View on Google MapsSTS Impact Windows and Doors specializes in hurricane protection solutions, offering high-quality impact windows, storm-resistant doors, custom storefronts, and professional roofing services. With expert installation, full transparency, and outstanding customer service, the company ensures homes and businesses stay secure and energy-efficient.
STS Impact Windows and Doors is located at 1000 Holland Dr Suite 10, Boca Raton, FL 33487, United States. The company proudly serves residential and commercial clients across Florida and throughout the United States, delivering reliable storm protection solutions. View their location on Google Maps.
Yes, STS Impact Windows and Doors is a veteran-owned company recognized for its dedication, integrity, and service to the community. This background adds an extra level of trust and reliability for homeowners and businesses seeking storm protection solutions.
STS Impact Windows and Doors provides a wide range of services including the installation of hurricane impact windows, impact doors, custom commercial storefronts, and roofing services. Each project is backed by expert craftsmanship, a 3-year installation warranty, and over 25 years of industry experience.
The company proudly serves both residential homeowners and commercial property owners. From protecting family homes to fortifying businesses with hurricane-rated storefronts, STS Impact Windows and Doors delivers customized solutions that ensure safety, durability, and efficiency.
Clients benefit from the company’s focus on quality, reliability, and efficiency. Their impact-resistant windows and doors not only enhance security and hurricane protection but also improve energy efficiency, reduce noise, and increase property value. With a 3-year installation warranty, customers can trust in long-term performance and peace of mind.

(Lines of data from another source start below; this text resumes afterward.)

(* Consider the problem $\min f(x)$ subject to $x\in\mathcal{F}\cap\mathcal{Z}\cap X$, where $\mathcal{F}=\{x: g(x)\le0\}$, and suppose the extended Mangasarian–Fromovitz condition (EMFCQ, see context) holds. Then there is $\varepsilon^\star>0$ such that for every $\varepsilon\in(0,\varepsilon^\star]$ the penalty function $P(x;\varepsilon)=f(x)+\frac1\varepsilon\sum_{i=1}^m\max\{0,g_i(x)\}$ has no Clarke stationary points (for the problem $\min\{P(x;\varepsilon): x\in X\cap\mathcal{Z}\}$) in $(X\cap\mathcal{Z})\setminus\mathcal{F}$.
   Context: $\{1,\dots,n\}=I^c\cup I^z$, $I^c\cap I^z=\emptyset$; $v_c=(v_i)_{i\in I^c}$, $v_z=(v_i)_{i\in I^z}$. $l,u\in\mathbb{R}^n$ finite, $l_i<u_i$, $l_i,u_i\in\mathbb{Z}$ for $i\in I^z$; $X=\{x:l\le x\le u\}$, $\mathcal{Z}=\{x: x_i\in\mathbb{Z}\ \forall i\in I^z\}$. $f:\mathbb{R}^n\to\mathbb{R}$ and $g=(g_1,\dots,g_m):\mathbb{R}^n\to\mathbb{R}^m$ are Lipschitz continuous w.r.t. the continuous variables: there is $L>0$ with $|h(x)-h(y)|\le L\|x-y\|$ for $h\in\{f,g_1,\dots,g_m\}$ whenever $x_z=y_z$. A vector in $\mathbb{Z}^p$ is primitive if the gcd of its components is 1. For $x\in X\cap\mathcal{Z}$: $D^z(x)=\{d\in\mathbb{Z}^n: d_i=0\ (i\in I^c),\ d_z\text{ primitive},\ x+d\in X\cap\mathcal{Z}\}$, $\mathcal{B}^z(x)=\{x+d: d\in D^z(x)\}$, $D^c(x)=\{s: s_i=0\ (i\in I^z),\ s_i\ge0 \text{ if } i\in I^c,x_i=l_i,\ s_i\le0\text{ if } i\in I^c,x_i=u_i\}$. For $h$ Lipschitz w.r.t. continuous variables and $s$ with $s_z=0$: $h^{Cl}_{x_c}(x;s)=\limsup_{y_c\to x_c,\,y_z=x_z,\,t\downarrow0}\frac{h(y+ts)-h(y)}{t}$, and $\partial_c h(x)=\{v\in\mathbb{R}^n: v_z=0,\ h^{Cl}_{x_c}(x;s)\ge s^\top v\ \forall s \text{ with } s_z=0\}$. A point $x\in X\cap\mathcal{Z}$ is a Clarke stationary point of $\min\{P(\cdot;\varepsilon):X\cap\mathcal{Z}\}$ if $P^{Cl}_{x_c}(x;s)\ge0$ for all $s\in D^c(x)$ and $P(x;\varepsilon)\le P(y;\varepsilon)$ for all $y\in\mathcal{B}^z(x)$. EMFCQ: for every $x\in(X\cap\mathcal{Z})\setminus\operatorname{int}\mathcal{F}$, either (i) there is $s\in D^c(x)$ with $\xi^\top s<0$ for all $\xi\in\partial_c g_i(x)$ and all $i$ with $g_i(x)\ge0$; or (ii) there is $\bar d\in D^z(x)$ with $\sum_{i=1}^m\max\{0,g_i(x+\bar d)\}<\sum_{i=1}^m\max\{0,g_i(x)\}$. *)

theory Defs
  imports "HOL-Analysis.Analysis"
begin
(* Conjugation identity A (w q) = - w B(q) on the half-plane; by the product rule
   f' = w R1 and f'' = w (R1' + R1 (a/y - 1)). *)
lemma opA_weight_mult:
  assumes f: "\<And>z. 0 < Re z \<Longrightarrow> f z = weight a z * poly q z" and y: "0 < Re y"
  shows "opA f y = - weight a y * poly (opB a q) y"
proof -
  define R1 where "R1 z = poly (pderiv q) z + poly q z * (a / z - 1)" for z
  define R1' where "R1' z = poly (pderiv (pderiv q)) z + poly (pderiv q) z * (a / z - 1)
      - poly q z * a / z^2" for z
  have df: "deriv f z = weight a z * R1 z" if "0 < Re z" for z
    unfolding R1_def by (rule deriv_weight_mult[OF f that poly_DERIV])
  have dR1: "(R1 has_field_derivative R1' z) (at z)" if "0 < Re z" for z
  proof -
    have "z \<noteq> 0" using that by auto
    then have "((\<lambda>z. a / z - 1) has_field_derivative - a / z^2) (at z)"
      by (auto intro!: derivative_eq_intros simp: field_simps power2_eq_square)
    then have "(R1 has_field_derivative poly (pderiv (pderiv q)) z
        + (poly q z * (- a / z^2) + poly (pderiv q) z * (a / z - 1))) (at z)"
      unfolding R1_def[abs_def] by (intro DERIV_add poly_DERIV DERIV_mult')
    then show ?thesis by (simp add: R1'_def algebra_simps)
  qed
  have ddf: "deriv (deriv f) y = weight a y * (R1' y + R1 y * (a / y - 1))"
    by (rule deriv_weight_mult[OF df y dR1[OF y]])
  have "y \<noteq> 0" using y by auto
  then have "- (y^2 * (R1' y + R1 y * (a / y - 1))) - y * R1 y + y^2 * poly q y = - poly (opB a q) y"
    by (simp add: opB_def R1_def R1'_def field_simps power2_eq_square)
  moreover have "opA f y = weight a y * (- (y^2 * (R1' y + R1 y * (a / y - 1))) - y * R1 y + y^2 * poly q y)"
    unfolding opA_def ddf df[OF y] f[OF y] by (simp add: algebra_simps)
  ultimately show ?thesis by simp
qed

definition p_poly :: "complex \<Rightarrow> nat \<Rightarrow> complex poly" where
  "p_poly a n = (opB a ^^ n) 1"

lemma p_poly_Suc: "p_poly a (Suc n) = opB a (p_poly a n)"
  by (simp add: p_poly_def)
lemma word_refl_mult_wprod:
  assumes "xs \<in> lists S" "i < length xs"
  shows "word_refl xs i \<otimes> wprod W xs = wprod W (del_nth i xs)"
proof -
  let ?p = "wprod W (take i xs)" and ?x = "xs ! i" and ?q = "wprod W (drop (Suc i) xs)"
  have c: "?p \<in> carrier W" "?x \<in> S" "?q \<in> carrier W" using assms by auto
  have "wprod W xs = wprod W (take i xs @ [?x] @ drop (Suc i) xs)"
    using assms by (simp add: id_take_nth_drop[symmetric])
  also have "\<dots> = ?p \<otimes> (?x \<otimes> ?q)"
    using assms c by (subst wprod_append) (auto dest: in_set_takeD in_set_dropD)
  finally have "word_refl xs i \<otimes> wprod W xs = ?p \<otimes> ((?x \<otimes> ?x) \<otimes> ?q)"
    unfolding word_refl_def using c by (simp add: m_assoc)
  also have "\<dots> = wprod W (del_nth i xs)"
    using assms c unfolding del_nth_def
    by (subst wprod_append) (auto dest: in_set_takeD in_set_dropD)
  finally show ?thesis .
qed

subsection \<open>Length and the exchange condition\<close>

lemma len_wprod_le: "xs \<in> lists S \<Longrightarrow> len (wprod W xs) \<le> length xs"
  unfolding cox_length_def by (rule Least_le) auto

lemma reduced_word_exists: "x \<in> carrier W \<Longrightarrow> \<exists>xs. reduced_word W S xs x"
proof -
  assume "x \<in> carrier W"
  then have "\<exists>n. \<exists>xs\<in>lists S. length xs = n \<and> wprod W xs = x" using S_generates by blast
  then have "\<exists>xs\<in>lists S. length xs = len x \<and> wprod W xs = x"
    unfolding cox_length_def by (rule LeastI_ex)
  then show ?thesis unfolding reduced_word_def by auto
qed

lemma reduced_word_iff:
  "reduced_word W S xs x \<longleftrightarrow> xs \<in> lists S \<and> wprod W xs = x \<and> length xs \<le> len x"
  unfolding reduced_word_def using len_wprod_le by fastforce

lemma len_one [simp]: "len \<one> = 0"
  using len_wprod_le[of "[]"] by simp

lemma len_eq_0_iff: "x \<in> carrier W \<Longrightarrow> len x = 0 \<longleftrightarrow> x = \<one>"
  using reduced_word_exists unfolding reduced_word_def by fastforce

lemma len_mult_le: "x \<in> carrier W \<Longrightarrow> y \<in> carrier W \<Longrightarrow> len (x \<otimes> y) \<le> len x + len y"
proof -
  assume "x \<in> carrier W" "y \<in> carrier W"
  then obtain xs ys where "reduced_word W S xs x" "reduced_word W S ys y"
    using reduced_word_exists by blast
  then show ?thesis
    using len_wprod_le[of "xs @ ys"] unfolding reduced_word_def by auto
qed

lemma len_S: "s \<in> S \<Longrightarrow> len s = 1"
  using len_wprod_le[of "[s]"] len_eq_0_iff[of s] one_notin_S by fastforce

lemma len_mult_S_le: "x \<in> carrier W \<Longrightarrow> s \<in> S \<Longrightarrow> len (x \<otimes> s) \<le> len x + 1"
  using len_mult_le[of x s] len_S by simp

lemma len_le_mult_S: "x \<in> carrier W \<Longrightarrow> s \<in> S \<Longrightarrow> len x \<le> len (x \<otimes> s) + 1"
  using len_mult_S_le[of "x \<otimes> s" s] by (simp add: m_assoc)

lemma len_le_S_mult: "x \<in> carrier W \<Longrightarrow> s \<in> S \<Longrightarrow> len x \<le> len (s \<otimes> x) + 1"
  using len_mult_le[of s "s \<otimes> x"] len_S by (simp add: m_assoc[symmetric])

lemma len_reflection_mult_less_if_eta:
  assumes "r \<in> T" "w \<in> carrier W" "eta w r"
  shows "len (r \<otimes> w) < len w"
proof -
  obtain xs where xs: "reduced_word W S xs w" using reduced_word_exists assms by blast
  then have l: "xs \<in> lists S" "wprod W xs = w" "length xs = len w" unfolding reduced_word_def by auto
  obtain i where i: "i < length xs" "word_refl xs i = r"
    by (rule eta_witness[of xs r]) (use l assms in auto)
  have "len (r \<otimes> w) \<le> length (del_nth i xs)"
    using word_refl_mult_wprod[OF l(1) i(1)] i l len_wprod_le[OF lists_del_nth[OF l(1)]] by auto
  then show ?thesis using length_del_nth[OF i(1)] i l by linarith
qed

lemma len_reflection_mult_less_iff:
  assumes "r \<in> T" "w \<in> carrier W"
  shows "len (r \<otimes> w) < len w \<longleftrightarrow> eta w r"
proof
  assume "len (r \<otimes> w) < len w"
  moreover have "eta (r \<otimes> w) r \<longleftrightarrow> \<not> eta w r"
    using eta_mult[of r w r] eta_reflection_self assms by (simp add: m_assoc)
  moreover have "r \<otimes> (r \<otimes> w) = w" using assms by (simp add: m_assoc[symmetric])
  ultimately show "eta w r"
    using len_reflection_mult_less_if_eta[of r "r \<otimes> w"] assms by fastforce
qed (use len_reflection_mult_less_if_eta assms in blast)

lemma len_reflection_mult_neq:
  assumes "r \<in> T" "w \<in> carrier W"
  shows "len (r \<otimes> w) \<noteq> len w"
proof
  assume eq: "len (r \<otimes> w) = len w"
  have "r \<otimes> (r \<otimes> w) = w" using assms by (simp add: m_assoc[symmetric])
  then have "eta (r \<otimes> w) r \<longleftrightarrow> eta w r"
    using len_reflection_mult_less_iff[of r "r \<otimes> w"] len_reflection_mult_less_iff[of r w] assms eq
    by simp
  moreover have "eta (r \<otimes> w) r \<longleftrightarrow> \<not> eta w r"
    using eta_mult[of r w r] eta_reflection_self assms by (simp add: m_assoc)
  ultimately show False by simp
qed

lemma mult_reflection_conj: "r \<in> T \<Longrightarrow> w \<in> carrier W \<Longrightarrow> w \<otimes> r = (w \<otimes> r \<otimes> inv w) \<otimes> w"
  by (simp add: m_assoc)

lemma len_mult_reflection_neq: "r \<in> T \<Longrightarrow> w \<in> carrier W \<Longrightarrow> len (w \<otimes> r) \<noteq> len w"
  using len_reflection_mult_neq[of "w \<otimes> r \<otimes> inv w" w] mult_reflection_conj reflection_conj
  by simp

lemma len_mult_S_cases:
  assumes "x \<in> carrier W" "s \<in> S"
  shows "len (x \<otimes> s) = len x + 1 \<or> len x = len (x \<otimes> s) + 1"
  using len_mult_S_le[OF assms] len_le_mult_S[OF assms]
    len_mult_reflection_neq[OF S_reflection[OF assms(2)] assms(1)] by linarith

lemma exchange_left:
  assumes "xs \<in> lists S" "r \<in> T" "len (r \<otimes> wprod W xs) < len (wprod W xs)"
  obtains i where "i < length xs" "word_refl xs i = r" "r \<otimes> wprod W xs = wprod W (del_nth i xs)"
proof -
  have "eta (wprod W xs) r" using len_reflection_mult_less_iff assms by simp
  then show ?thesis using that eta_witness word_refl_mult_wprod assms by (metis reflection_closed)
qed

lemma exchange_right:
  assumes "xs \<in> lists S" "r \<in> T" "len (wprod W xs \<otimes> r) < len (wprod W xs)"
  obtains i where "i < length xs" "wprod W xs \<otimes> r = wprod W (del_nth i xs)"
proof -
  let ?w = "wprod W xs"
  have "?w \<otimes> r \<otimes> inv ?w \<in> T" using reflection_conj assms by simp
  moreover have "?w \<otimes> r = (?w \<otimes> r \<otimes> inv ?w) \<otimes> ?w" using mult_reflection_conj assms by simp
  ultimately show ?thesis using exchange_left[OF assms(1)] assms that by metis
qed

lemma exchange_right_append:
  assumes "xs \<in> lists S" "ys \<in> lists S" "r \<in> T"
    and "len (wprod W (xs @ ys) \<otimes> r) < len (wprod W (xs @ ys))"
  shows "(\<exists>i<length xs. wprod W (xs @ ys) \<otimes> r = wprod W (del_nth i xs) \<otimes> wprod W ys) \<or>
         (\<exists>j<length ys. wprod W (xs @ ys) \<otimes> r = wprod W xs \<otimes> wprod W (del_nth j ys))"
proof -
  obtain i where i: "i < length (xs @ ys)" "wprod W (xs @ ys) \<otimes> r = wprod W (del_nth i (xs @ ys))"
    using exchange_right[of "xs @ ys" r] assms by auto
  show ?thesis
  proof (cases "i < length xs")
    case True
    then show ?thesis using i assms lists_del_nth[OF assms(1)] by (auto simp: del_nth_append)
  next
    case False
    then show ?thesis using i assms lists_del_nth[OF assms(2)]
      by (intro disjI2 exI[of _ "i - length xs"]) (auto simp: del_nth_append)
  qed
qed

lemma deletion:
  "xs \<in> lists S \<Longrightarrow> \<exists>zs. subseq zs xs \<and> reduced_word W S zs (wprod W xs)"
proof (induct xs rule: rev_induct)
  case Nil
  then show ?case by (auto simp: reduced_word_def)
next
  case (snoc y xs)
  then have l: "xs \<in> lists S" "y \<in> S" by auto
  then obtain zs where zs: "subseq zs xs" "reduced_word W S zs (wprod W xs)" using snoc by blast
  let ?z = "wprod W xs"
  have zl: "zs \<in> lists S" "wprod W zs = ?z" "length zs = len ?z"
    using zs(2) unfolding reduced_word_def by auto
  have w: "wprod W (xs @ [y]) = ?z \<otimes> y" using l by simp
  from len_mult_S_cases[OF wprod_closed[OF l(1)] l(2)] show ?case
  proof
    assume "len (?z \<otimes> y) = len ?z + 1"
    then have "reduced_word W S (zs @ [y]) (wprod W (xs @ [y]))"
      unfolding reduced_word_iff using zl l w by auto
    moreover have "subseq (zs @ [y]) (xs @ [y])" using zs(1) by simp
    ultimately show ?thesis by blast
  next
    assume shorter: "len ?z = len (?z \<otimes> y) + 1"
    then obtain i where i: "i < length zs" "?z \<otimes> y = wprod W (del_nth i zs)"
      using exchange_right[OF zl(1) S_reflection[OF l(2)]] zl by (metis less_add_one)
    then have "reduced_word W S (del_nth i zs) (wprod W (xs @ [y]))"
      unfolding reduced_word_iff using w shorter zl length_del_nth[OF i(1)] lists_del_nth[OF zl(1)]
      by auto
    moreover have "subseq (del_nth i zs) (xs @ [y])"
      using subseq_order.trans[OF subseq_del_nth zs(1)] by (rule subseq_rev_drop_many)
    ultimately show ?thesis by blast
  qed
qed

subsection \<open>Standard parabolic subgroups\<close>

lemma parabolic_wprod: "xs \<in> lists K \<Longrightarrow> wprod W xs \<in> parabolic W K"
  unfolding parabolic_def by blast

lemma parabolicE:
  assumes "x \<in> parabolic W K"
  obtains xs where "xs \<in> lists K" "x = wprod W xs"
  using assms unfolding parabolic_def by blast

lemma parabolic_closed: "K \<subseteq> S \<Longrightarrow> x \<in> parabolic W K \<Longrightarrow> x \<in> carrier W"
  by (erule parabolicE) (metis lists_mono subsetD wprod_closed)

lemma parabolic_one [simp]: "\<one> \<in> parabolic W K"
  using parabolic_wprod[of "[]" K] by simp

lemma parabolic_generator: "K \<subseteq> S \<Longrightarrow> s \<in> K \<Longrightarrow> s \<in> parabolic W K"
  using parabolic_wprod[of "[s]" K] by auto

lemma parabolic_mono: "K \<subseteq> L \<Longrightarrow> x \<in> parabolic W K \<Longrightarrow> x \<in> parabolic W L"
  by (erule parabolicE) (metis lists_mono subsetD parabolic_wprod)

lemma parabolic_mult:
  assumes "K \<subseteq> S" "x \<in> parabolic W K" "y \<in> parabolic W K"
  shows "x \<otimes> y \<in> parabolic W K"
proof -
  obtain xs ys where "xs \<in> lists K" "x = wprod W xs" "ys \<in> lists K" "y = wprod W ys"
    using assms(2,3) by (metis parabolicE)
  moreover have "xs \<in> lists S" "ys \<in> lists S" using calculation assms(1) by auto
  ultimately show ?thesis using parabolic_wprod[of "xs @ ys" K] by simp
qed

STS Impact Windows and Doors has been recognized with multiple industry honors, including the South Florida Veteran Owned Business Excellence Award, Best Hurricane Protection Provider 2023 Florida, and the Angi’s Super Service Award for Window Installation. These awards highlight their commitment to excellence, customer satisfaction, and industry leadership.
You can reach STS Impact Windows and Doors by phone at 561-600-1018 or visit their website at stswindows.com. They are open Monday through Friday from 8am to 5pm and are available on Facebook and Instagram for updates and project showcases.
Business Name: STS Impact Windows & Doors
Address: 1000 Holland Dr #10, Boca Raton, FL 33487, United States
Phone: (561)-600-1018
Hurricane season shapes life along Florida's coasts. You feel it in the way neighbors track tropical waves, the pre-storm rush to stock up, and the routine of transporting ladders to install panels. After 20 years defining, setting up, and fixing building envelopes from Secret Largo to Palm Beach, I've seen what holds up and what doesn't. When the objective is real protection with year-round comfort, Miami-Dade authorized, energy‑efficient impact windows outperform shutters in ways that surpass storm day. They alter how a home feels in August, how peaceful your living room stays on a Saturday night, and how confident you are when a storm line spins up much faster than predicted.
This is a practical take a look at why many South Florida property owners are moving from shutters to hurricane impact-resistant windows, how to check out the requirements behind "Miami-Dade authorized," what products matter, and how to get the setup right the first time.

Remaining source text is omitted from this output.